Conversione A/D

In linea di principio, una trasmissione può avvenire con due modalità differenti:

1. trasmissione di segnale analogico

2. trasmissione di segnale digitale

La differenza fondamentale fra un segnale analogico e uno digitale è che:

• il primo può variare gradualmente in un intervallo costituito da un numero infinito di possibili valori;

• il secondo può variare solamente passando bruscamente da uno all'altro di un insieme molto piccolo di valori.

Per rappresentare numericamente un segnale continuo nel tempo e nelle ampiezze è necessario:

Campionare

Per rappresentare in forma numerica il segnale tempo-continuo x(t) si esegue anzitutto il campionamento di x(t) a intervalli T. L’intervallo di campionamento e’ scelto in modo da rispettare la condizione di Nyquist, per consentire la ricostruzione del segnale tempo-continuo x(t) a partire dai campioni x(nT).

Quantizzare

Ciascun campione x[n]=x(nT) e’ un numero reale che puo’ assumere con continuita’ qualsiasi valore compreso in un certo intervallo di ampiezze [Vmin ,Vmax]. Per rappresentare il segnale in forma numerica si approssima il numero reale continuo x[n] con un numero finito (M) di livelli compresi nell’intervallo di ampiezze.

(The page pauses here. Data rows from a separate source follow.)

lemma sheet_flip_in_Sigma_spec:
  "uo \<noteq> 0 \<Longrightarrow> r \<noteq> 0 \<Longrightarrow>
    sheet_flip uo (complex_of_real r) \<in> Sigma_spec uo - {\<i> * complex_of_real uo, - \<i> * complex_of_real uo}"
  unfolding sheet_flip_of_real by (rule of_real_in_Sigma_spec) simp

lemma extensions_agree_on_real_ray:
  fixes S :: "complex \<Rightarrow> cmat3" and s11 b11 b33 s33 :: "complex \<Rightarrow> complex" and uo x :: real
  assumes uo: "0 < uo" and x: "uo < x"
    and S: "\<And>r. (r::real) \<noteq> 0 \<Longrightarrow> matrix_inv (S r) $ 1 $ 1 = cnj (S r $ 1 $ 1)"
      "\<And>r. (r::real) \<noteq> 0 \<Longrightarrow> matrix_inv (S r) $ 3 $ 3 = cnj (S r $ 3 $ 3)"
      "\<And>r. (r::real) \<noteq> 0 \<Longrightarrow> S (sheet_flip uo r) $ 3 $ 3 = S r $ 1 $ 1"
    and s11: "\<forall>z \<in> closure (Xi1 uo) \<inter> (Sigma_spec uo - {\<i> * uo, - \<i> * uo}). s11 z = S z $ 1 $ 1"
    and b11: "\<forall>z \<in> closure (Xi2 uo) \<inter> (Sigma_spec uo - {\<i> * uo, - \<i> * uo}).
                b11 z = matrix_inv (S z) $ 1 $ 1"
    and b33: "\<forall>z \<in> closure (Xi3 uo) \<inter> (Sigma_spec uo - {\<i> * uo, - \<i> * uo}).
                b33 z = matrix_inv (S z) $ 3 $ 3"
    and s33: "\<forall>z \<in> closure (Xi4 uo) \<inter> (Sigma_spec uo - {\<i> * uo, - \<i> * uo}). s33 z = S z $ 3 $ 3"
  shows "cnj (b11 (cnj x)) = s11 x" and "s11 x = s33 (sheet_flip uo x)"
    and "cnj (b33 (cnj (sheet_flip uo x))) = s33 (sheet_flip uo x)"
proof -
  have "uo \<noteq> 0" "x \<noteq> 0" "- (uo^2) / x \<noteq> 0"
    using uo x by auto
  note closures = of_real_in_closure_Xi[OF uo x]
    and spec = of_real_in_Sigma_spec[OF \<open>x \<noteq> 0\<close>] sheet_flip_in_Sigma_spec[OF \<open>uo \<noteq> 0\<close> \<open>x \<noteq> 0\<close>]
  have "s11 x = S x $ 1 $ 1" "b11 x = matrix_inv (S x) $ 1 $ 1"
    using s11 b11 closures(1,2) spec(1) by blast+
  moreover have "s33 (sheet_flip uo x) = S (sheet_flip uo x) $ 3 $ 3"
    "b33 (sheet_flip uo x) = matrix_inv (S (sheet_flip uo x)) $ 3 $ 3"
    using s33 b33 closures(3,4) spec(2) by blast+
  moreover have "cnj (sheet_flip uo x) = sheet_flip uo x"
    by (simp add: sheet_flip_of_real)
  ultimately show "cnj (b11 (cnj x)) = s11 x" "s11 x = s33 (sheet_flip uo x)"
    "cnj (b33 (cnj (sheet_flip uo x))) = s33 (sheet_flip uo x)"
    using S(1,3)[OF \<open>x \<noteq> 0\<close>] S(2)[OF \<open>- (uo^2) / x \<noteq> 0\<close>, folded sheet_flip_of_real]
    by simp_all
qed

theorem proposition6:
  fixes a1 a2 uo hm hp :: real
    and uvec :: cvec2
    and u ux uxx uxxx ut :: "real \<Rightarrow> real \<Rightarrow> cvec2"
    and phim phip :: "complex \<Rightarrow> real \<Rightarrow> real \<Rightarrow> cmat3"
    and S :: "complex \<Rightarrow> cmat3"
    and s11 b11 b33 s33 :: "complex \<Rightarrow> complex"
    and zo :: complex
  defines "um \<equiv> csv (exp (\<i> * complex_of_real hm)) uvec"
      and "upl \<equiv> csv (exp (\<i> * complex_of_real hp)) uvec"
  assumes uo_pos: "uo > 0"
    and uvec_norm: "norm uvec = uo"
    and pde: "solves_eq a1 a2 uo u ux uxx uxxx ut"
    and lim_m: "\<forall>t. ((\<lambda>x. u x t) \<longlongrightarrow> um) at_bot"
    and lim_p: "\<forall>t. ((\<lambda>x. u x t) \<longlongrightarrow> upl) at_top"
    and L1_m: "\<forall>t a. (\<lambda>x. u x t - um) absolutely_integrable_on {..a}"
    and L1_p: "\<forall>t a. (\<lambda>x. u x t - upl) absolutely_integrable_on {a..}"
    and jost_m: "\<forall>z \<in> Sigma_spec uo - {\<i> * uo, - \<i> * uo}.
                   jost a1 a2 uo u ux uxx um at_bot z (phim z)"
    and jost_p: "\<forall>z \<in> Sigma_spec uo - {\<i> * uo, - \<i> * uo}.
                   jost a1 a2 uo u ux uxx upl at_top z (phip z)"
    and scat: "\<forall>z \<in> Sigma_spec uo - {\<i> * uo, - \<i> * uo}. \<forall>x t.
                   phim z x t = phip z x t ** S z"
    and s11_ext: "s11 holomorphic_on Xi1 uo" "continuous_on (closure (Xi1 uo) - {0}) s11"
                 "\<forall>z \<in> closure (Xi1 uo) \<inter> (Sigma_spec uo - {\<i> * uo, - \<i> * uo}).
                     s11 z = S z $ 1 $ 1"
    and b11_ext: "b11 holomorphic_on Xi2 uo" "continuous_on (closure (Xi2 uo) - {0}) b11"
                 "\<forall>z \<in> closure (Xi2 uo) \<inter> (Sigma_spec uo - {\<i> * uo, - \<i> * uo}).
                     b11 z = matrix_inv (S z) $ 1 $ 1"
    and b33_ext: "b33 holomorphic_on Xi3 uo" "continuous_on (closure (Xi3 uo) - {0}) b33"
                 "\<forall>z \<in> closure (Xi3 uo) \<inter> (Sigma_spec uo - {\<i> * uo, - \<i> * uo}).
                     b33 z = matrix_inv (S z) $ 3 $ 3"
    and s33_ext: "s33 holomorphic_on Xi4 uo" "continuous_on (closure (Xi4 uo) - {0}) s33"
                 "\<forall>z \<in> closure (Xi4 uo) \<inter> (Sigma_spec uo - {\<i> * uo, - \<i> * uo}).
                     s33 z = S z $ 3 $ 3"
    and zo: "Im zo > 0" "cmod zo \<ge> uo"
  shows "(b11 (cnj zo) = 0 \<longleftrightarrow> s11 zo = 0)
       \<and> (s11 zo = 0 \<longleftrightarrow> b33 (- complex_of_real (uo^2) / cnj zo) = 0)
       \<and> (b33 (- complex_of_real (uo^2) / cnj zo) = 0 \<longleftrightarrow> s33 (- complex_of_real (uo^2) / zo) = 0)"
proof -
  have uo_nz: "uo \<noteq> 0"
    using uo_pos by simp
  have backgrounds: "norm um = uo" "norm upl = uo"
    using uvec_norm by (simp_all add: um_def upl_def norm_csv norm_exp_i_times)
  have S_real: "matrix_inv (S r) $ 1 $ 1 = cnj (S r $ 1 $ 1)"
      "matrix_inv (S r) $ 3 $ 3 = cnj (S r $ 3 $ 3)" "S (sheet_flip uo r) $ 3 $ 3 = S r $ 1 $ 1"
    if "r \<noteq> 0" for r :: real
    using scattering_symmetries_of_real[OF uo_pos that backgrounds jost_m jost_p scat
        of_real_in_Sigma_spec[OF that] sheet_flip_in_Sigma_spec[OF uo_nz that]] by simp_all
  note ray = extensions_agree_on_real_ray[OF uo_pos _ S_real s11_ext(3) b11_ext(3) b33_ext(3)
      s33_ext(3)]
  have given: "holomorphic_upto_boundary s11 (Xi1 uo)" "holomorphic_upto_boundary b11 (cnj ` Xi1 uo)"
    "holomorphic_upto_boundary s33 (Xi4 uo)" "holomorphic_upto_boundary b33 (cnj ` Xi4 uo)"
    using s11_ext(1,2) b11_ext(1,2) s33_ext(1,2) b33_ext(1,2)
    by (simp_all add: holomorphic_upto_boundary_def Xi2_eq_cnj_image Xi3_eq_cnj_image)
  note reflected = holomorphic_upto_boundary_cnj[OF open_Xi1 given(2)]
    holomorphic_upto_boundary_cnj[OF open_Xi4 given(4)]
  note flipped = holomorphic_upto_boundary_sheet_flip[OF uo_pos given(3)]
    holomorphic_upto_boundary_sheet_flip[OF uo_pos reflected(2)]
  have "zo \<in> closure (Xi1 uo)"
    using zo by (simp add: closure_Xi1)
  note continuation = eq_on_closure_Xi1_of_real_ray[OF uo_pos _ _ _ this]
  have "cnj (b11 (cnj zo)) = s11 zo" "s11 zo = s33 (sheet_flip uo zo)"
    "cnj (b33 (cnj (sheet_flip uo zo))) = s33 (sheet_flip uo zo)"
    using continuation[OF reflected(1) given(1)] continuation[OF given(1) flipped(1)]
      continuation[OF flipped(2,1)] ray
    by auto
  then show ?thesis
    by (metis complex_cnj_zero_iff sheet_flip_def complex_cnj_divide complex_cnj_minus
        complex_cnj_complex_of_real)
qed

Questa operazione e’ detta QUANTIZZAZIONE

Codificare

I livelli di quantizzazione di un segnale numerico vengono normalmente rappresentati in forma binaria (codifica binaria). Con K cifre binarie (bit) si possono rappresentare M = 2^K livelli di quantizzazione. Ad ogni livello si associa un codice di K bit.

Ad esempio, se K = 3, otteniamo M = 8 livelli di quantizzazione codificabili (in vario modo) con 3 bit.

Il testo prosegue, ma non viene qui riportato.